Your dh might have escalated the situation, but I cannot blame him for being cross or for sending that text. I haven't seen any of your other posts, but it is clear from this thread that you have such a lot on your plate at the moment, and don't need this nasty hassle from your BIL- and putting a note like that in a card to a child - any child - is beyond the pale.

I hope your dh has given you a huge hug - I think you need one - and I hope that your sister deals with her dh, and you all get to have a lovely Christmas!

CakeWine for you.

TheRealMaryMillington · 13/12/2014 17:17

I think your DH sounds like he is being teeny bit high maintenance tbh. Him getting arsey isn't going to help and may inflame things. Calm straight talking in person and get the line drawn. Don't let it spoil your Christmas.

higgle · 13/12/2014 17:27

OP, what an odd family you are, is all this angst over a couple of books really necessary? BiL obviously thinks he lent the books, and the message in the card wasn't rude. If he did lend the books that was nice of him, if he didn't then he just ahs a poor memory. You seem to have blown it up out of all proportion. If it was me I'd just buy the books ( unless very expensive) and think no more of it. Life is too short to fall out with anoyone over an issue like this.

Itsfab · 13/12/2014 17:33

"…..I don't know why he would lend them if they were so precious."

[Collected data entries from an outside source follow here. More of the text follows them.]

definition univ_list :: "'n::finite list" where
  "univ_list = (SOME xs. set xs = UNIV \<and> distinct xs)"

lemma univ_list: "set (univ_list :: 'n::finite list) = UNIV \<and> distinct (univ_list :: 'n list)"
  unfolding univ_list_def
  by (rule someI_ex) (use finite_distinct_list[of "UNIV :: 'n set"] in auto)

lemma sum_list_univ_list: "(\<Sum>x\<leftarrow>(univ_list :: 'n::finite list). f x) = (\<Sum>x\<in>UNIV. f x)"
  using univ_list by (metis sum_list_distinct_conv_sum_set)

primrec qentry :: "('a::zero, 'n::finite) qpoly \<Rightarrow> 'n \<Rightarrow> 'n \<Rightarrow> ('a, 'n) qpoly" where
  "qentry (QVar k) i j = QCoord k i j"
| "qentry (QCoord k a b) i j = (if i = j then QCoord k a b else QConst 0)"
| "qentry (QConst c) i j = (if i = j then QConst c else QConst 0)"
| "qentry (QAdd p q) i j = QAdd (qentry p i j) (qentry q i j)"
| "qentry (QMul p q) i j = qsum (map (\<lambda>r. QMul (qentry p i r) (qentry q r j)) univ_list)"

lemma qeval_qentry: "qeval A (qentry P i j) = scal_mat (qeval A P $ i $ j :: 'a::comm_ring_1)"
proof (induction P arbitrary: i j)
  case (QMul p q)
  have "qeval A (qentry (QMul p q) i j)
      = (\<Sum>r\<in>UNIV. scal_mat (qeval A p $ i $ r * qeval A q $ r $ j))"
    by (simp add: qeval_qsum sum_list_univ_list QMul scal_mat_mult)
  also have "\<dots> = scal_mat (\<Sum>r\<in>UNIV. qeval A p $ i $ r * qeval A q $ r $ j)"
    by (simp add: scal_mat_sum)
  finally show ?case by (simp add: matrix_matrix_mult_def)
qed (auto simp: scal_mat_add vec_eq_iff)

definition mat_pairing :: "'a::comm_ring_1^'n^'n \<Rightarrow> 'a^'n^'n \<Rightarrow> 'a" where
  "mat_pairing C M = (\<Sum>i\<in>UNIV. \<Sum>j\<in>UNIV. C $ i $ j * M $ i $ j)"

lemma mat_pairing_scale: "mat_pairing C (mat_scale c M) = c * mat_pairing C M"
  by (simp add: mat_pairing_def sum_distrib_left algebra_simps)

lemma mat_pairing_add: "mat_pairing C (M + N) = mat_pairing C M + mat_pairing C N"
  by (simp add: mat_pairing_def algebra_simps sum.distrib)

lemma mat_pairing_diff: "mat_pairing C (M - N) = mat_pairing C M - mat_pairing C N"
  by (simp add: mat_pairing_def algebra_simps sum_subtractf)

lemma mat_pairing_diff_left: "mat_pairing (C - D) M = mat_pairing C M - mat_pairing D M"
  by (simp add: mat_pairing_def algebra_simps sum_subtractf)

lemma mat_pairing_scale_left: "mat_pairing (mat_scale c C) M = c * mat_pairing C M"
  by (simp add: mat_pairing_def sum_distrib_left algebra_simps)

lemma mat_pairing_unit: "mat_pairing (mat_unit r s) M = M $ r $ s"
proof -
  have "mat_pairing (mat_unit r s) M = (\<Sum>i\<in>UNIV. if i = r then M $ r $ s else 0)"
    unfolding mat_pairing_def mat_unit_def
    by (intro sum.cong refl) (auto simp: if_mult_zero)
  then show ?thesis by simp
qed

definition qpairing :: "'a::comm_ring_1^'n^'n \<Rightarrow> ('a, 'n::finite) qpoly \<Rightarrow> ('a, 'n) qpoly" where
  "qpairing C P = qsum (map (\<lambda>i. qsum (map (\<lambda>j. QMul (QConst (C $ i $ j)) (qentry P i j))
     univ_list)) univ_list)"

lemma qeval_qpairing: "qeval A (qpairing C P) = scal_mat (mat_pairing C (qeval A P))"
  by (simp add: qpairing_def mat_pairing_def qeval_qsum sum_list_univ_list qeval_qentry
      scal_mat_mult scal_mat_sum)

definition qcut :: "'a::field^'n^'n \<Rightarrow> ('a, 'n::finite) qpoly \<Rightarrow> ('a, 'n) qpoly" where
  "qcut C P = QAdd (QMul (qpairing C (qrename (\<lambda>k. Suc (2 * k)) P)) (qrename (\<lambda>k. 2 * k) P))
     (QMul (QConst (-1)) (QMul (qpairing C (qrename (\<lambda>k. 2 * k) P)) (qrename (\<lambda>k. Suc (2 * k)) P)))"

lemma qeval_qcut:
  "qeval A (qcut C P)
     = mat_scale (mat_pairing C (qeval (A \<circ> (\<lambda>k. Suc (2 * k))) P)) (qeval (A \<circ> (\<lambda>k. 2 * k)) P)
       - mat_scale (mat_pairing C (qeval (A \<circ> (\<lambda>k. 2 * k)) P)) (qeval (A \<circ> (\<lambda>k. Suc (2 * k))) P)"
  by (simp add: qcut_def qeval_qpairing scal_mat_mult_left vec_eq_iff)
text \<open>With this weight of the divergence, the growth condition on \<open>\<eta>\<close> is exactly what makes
  the divergence term contract at the same rate \<open>1 - (1 - \<gamma>) / M\<close> as the gap.\<close>

lemma potential_Suc_le:
  assumes M: "1 \<le> M" "\<And>s. d_star s \<le> M * \<rho> s"
  shows "potential M (Suc k)
    \<le> (1 - (1 - \<gamma>) / M) * potential M k + (2 * \<tau> / (1 - \<gamma>) + 2 * \<tau> / M)"
proof -
  define c where "c = M - (1 - \<gamma>)"
  define X where "X = (\<Sum>s\<in>UNIV. d_star s * est_improvement k s)"
  have M_pos: "0 < M" and c_pos: "0 < c" using M(1) gamma by (auto simp: c_def)
  have rate: "1 - (1 - \<gamma>) / M = c / M" using M_pos by (simp add: c_def field_simps)
  have "X \<le> (Dstar k - Dstar (Suc k)) / \<eta> k - (1 - \<gamma>) * gap k + 2 * \<tau>"
    using Dstar_Suc_le[of k] unfolding X_def by linarith
  then have "X / M \<le> ((Dstar k - Dstar (Suc k)) / \<eta> k - (1 - \<gamma>) * gap k + 2 * \<tau>) / M"
    using M_pos by (simp add: divide_right_mono)
  also have "\<dots> = Dstar k / (M * \<eta> k) - Dstar (Suc k) / (M * \<eta> k) - (1 - \<gamma>) / M * gap k + 2 * \<tau> / M"
    using M_pos eta_pos[of k] by (simp add: field_simps)
  finally have "X / M \<le> Dstar k / (M * \<eta> k) - Dstar (Suc k) / (M * \<eta> k)
      - (1 - \<gamma>) / M * gap k + 2 * \<tau> / M" .
  moreover have "gap k - (1 - \<gamma>) / M * gap k = c / M * gap k"
    using M_pos by (simp add: c_def field_simps)
  ultimately have "gap (Suc k) \<le> c / M * gap k + Dstar k / (M * \<eta> k) - Dstar (Suc k) / (M * \<eta> k)
      + (2 * \<tau> / (1 - \<gamma>) + 2 * \<tau> / M)"
    using gap_Suc_le[OF M_pos M(2), of k] unfolding X_def by linarith
  moreover have "M * \<eta> k \<le> c * \<eta> (Suc k)"
  proof -
    have "0 \<le> (1 - \<gamma>) * (M - 1)" using M(1) gamma by simp
    then have "\<gamma> * M \<le> c" by (simp add: c_def algebra_simps)
    moreover have "\<eta> k \<le> \<gamma> * \<eta> (Suc k)"
      using eta_growth[of k] gamma by (simp add: divide_le_eq mult.commute)
    ultimately have "M * \<eta> k \<le> (\<gamma> * M) * \<eta> (Suc k)"
      using M_pos by (simp add: mult_left_mono)
    also have "\<dots> \<le> c * \<eta> (Suc k)"
      using \<open>\<gamma> * M \<le> c\<close> eta_pos[of "Suc k"] by (intro mult_right_mono) auto
    finally show ?thesis .
  qed
  then have "Dstar (Suc k) / (c * \<eta> (Suc k)) \<le> Dstar (Suc k) / (M * \<eta> k)"
    using Dstar_nonneg M_pos c_pos eta_pos by (intro divide_left_mono mult_pos_pos) auto
  moreover have "c / M * (Dstar k / (c * \<eta> k)) = Dstar k / (M * \<eta> k)"
    using c_pos by simp
  ultimately show ?thesis
    unfolding potential_def rate c_def[symmetric] by (simp add: distrib_left)
qed

lemma gap_bound:
  assumes eta0: "(1 - \<gamma>) / \<gamma> * Dstar 0 \<le> \<eta> 0"
    and M: "1 \<le> M" "\<And>s. d_star s \<le> M * \<rho> s"
  shows "gap k \<le> (1 - (1 - \<gamma>) / M) ^ k * (2 / (1 - \<gamma>)) + 4 * (M / (1 - \<gamma>)) / (1 - \<gamma>) * \<tau>"
proof -
  define r where "r = 1 - (1 - \<gamma>) / M"
  define e where "e = 2 * \<tau> / (1 - \<gamma>) + 2 * \<tau> / M"
  have c_pos: "0 < M - (1 - \<gamma>)" using M(1) gamma by simp
  have r: "0 \<le> r" "r < 1" unfolding r_def using M(1) gamma by (auto simp: field_simps)
  have e: "0 \<le> e" unfolding e_def using tau_nonneg gamma M(1) by simp
  have "potential M k \<le> r ^ k * potential M 0 + e / (1 - r)"
    by (rule linear_recurrence_bound[where x = "potential M", OF potential_Suc_le[OF M, folded r_def e_def] r e])
  moreover have "gap k \<le> potential M k"
    unfolding potential_def using Dstar_nonneg[of k] c_pos eta_pos[of k] by simp
  moreover have "potential M 0 \<le> 2 / (1 - \<gamma>)"
  proof -
    have "(1 - \<gamma>) * Dstar 0 \<le> \<gamma> * \<eta> 0"
      using eta0 gamma by (simp add: field_simps)
    also have "\<dots> \<le> (M - (1 - \<gamma>)) * \<eta> 0"
      using M(1) gamma eta_pos[of 0] by (intro mult_right_mono) auto
    finally have "Dstar 0 / ((M - (1 - \<gamma>)) * \<eta> 0) \<le> 1 / (1 - \<gamma>)"
      using c_pos eta_pos[of 0] gamma by (simp add: divide_simps mult.commute)
    then show ?thesis using gap_le[of 0] unfolding potential_def by simp
  qed
  moreover have "e / (1 - r) \<le> 4 * (M / (1 - \<gamma>)) / (1 - \<gamma>) * \<tau>"
  proof -
    have "e / (1 - r) = e * (M / (1 - \<gamma>))" by (simp add: r_def)
    also have "\<dots> = 2 * \<tau> / (1 - \<gamma>) * (M / (1 - \<gamma>)) + 2 * \<tau> / (1 - \<gamma>)"
      using M(1) unfolding e_def distrib_right by simp
    finally have "e / (1 - r) = 2 * \<tau> / (1 - \<gamma>) * (M / (1 - \<gamma>)) + 2 * \<tau> / (1 - \<gamma>)" .
    moreover have "2 * \<tau> / (1 - \<gamma>) \<le> 2 * \<tau> / (1 - \<gamma>) * (M / (1 - \<gamma>))"
      using mult_left_mono[of 1 "M / (1 - \<gamma>)" "2 * \<tau> / (1 - \<gamma>)"] tau_nonneg gamma M(1)
      by simp
    moreover have "4 * (M / (1 - \<gamma>)) / (1 - \<gamma>) * \<tau> = 2 * (2 * \<tau> / (1 - \<gamma>) * (M / (1 - \<gamma>)))"
      by simp
    ultimately show ?thesis by linarith
  qed
  ultimately show ?thesis
    using mult_left_mono[of "potential M 0" "2 / (1 - \<gamma>)" "r ^ k"] r unfolding r_def by simp
qed

end

lemma ereal_rate_finite:
  fixes c M \<tau> :: real
  assumes c: "0 < c" and M: "0 < M"
  shows "(let \<theta> = ereal M / ereal c in (1 - 1 / \<theta>) ^ k * ereal (2 / c) + 4 * \<theta> / ereal c * ereal \<tau>)
    = ereal ((1 - c / M) ^ k * (2 / c) + 4 * (M / c) / c * \<tau>)"
proof -
  have "ereal M / ereal c = ereal (M / c)" using c by (simp add: ereal_divide)
  moreover have "1 - 1 / ereal (M / c) = ereal (1 - c / M)"
    using c M by (simp add: one_ereal_def ereal_divide)
  ultimately show ?thesis using c by (simp add: Let_def ereal_divide ereal_power)
qed

text \<open>For \<open>\<theta> = \<infinity>\<close> the rate \<open>1 - 1 / \<theta>\<close> is \<open>1\<close>, and the error term is \<open>0\<close> if \<open>\<tau> = 0\<close>
  (as \<open>\<infinity> * 0 = 0\<close> in \<open>ereal\<close>) and \<open>\<infinity>\<close> otherwise.\<close>

lemma ereal_rate_infinite:
  fixes c \<tau> x :: real
  assumes c: "0 < c" and \<tau>: "0 \<le> \<tau>" and x: "x \<le> 2 / c"
  shows "ereal x \<le> (let \<theta> = \<infinity> / ereal c in (1 - 1 / \<theta>) ^ k * ereal (2 / c) + 4 * \<theta> / ereal c * ereal \<tau>)"
proof (cases "\<tau> = 0")
  case True
  then show ?thesis using c x by (simp add: Let_def)
next
  case False
  then show ?thesis using c \<tau> by (simp add: Let_def)
qed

He didn't lend them to you, you don't have them!

SDTGisAnEvilWolefGenius · 13/12/2014 17:36

Putting the message in his nephew's Christmas card seems a bit passive-aggressive, perhaps, higgle.

Jill2015 · 13/12/2014 17:47

I wouldn't replace the books for all the tea in China - asides from anything else, when he does find his precious fucking books at home, he will not realise they are the originals and will overlook them as the replacements...iyswim?

Nopey dope...he'd get nowt from me other than a flick of the vees.

I can't put it any better than this...
I think what would finish me is him addressing the card to the child, the cowardly creature!

FunkyBoldRibena · 13/12/2014 17:53

If it was me I'd just buy the books ( unless very expensive) and think no more of it.

Why? Do you let everyone else in your life decide what you spend your money on? Or blackmail you by sending cards to your kids like that?

DraggingDownDownDown · 13/12/2014 17:59

How big and heavy are these books? As previous poster wrote, you would remember carrying them home, in the car, into the house etc. If you put them somewhere either you or your DH WOULD remember.

If you have not put them away anywhere then they would be visibly on show.

Livingtothefull · 13/12/2014 18:01

higgle thanks for expressing your honest opinion. I don't agree that we are the ones escalating this….not sure if we are blowing this out of proportion although it is true that as we have a lot on our plates we are more upset by things that otherwise we could shrug off. I just feel that we have enough crap to deal with without having to deal with any from family members.

I don't think that the message in the card was appropriate at all. It may be that it wasn't intended to upset us but the fact is that it did and we are owed an apology. I don't want to fall out with anyone and am not looking to make any drama out of this.

OP posts:
Livingtothefull · 13/12/2014 18:38

No I have thought about it & I am not over dramatising this. If I wanted to i could get other family members & friends involved, scan over the card so they can see it etc. I am not doing so because I don't want a big fallout….I am venting on here anonymously rather than cause a huge drama. As usual I am the one sparing everyone else's feelings.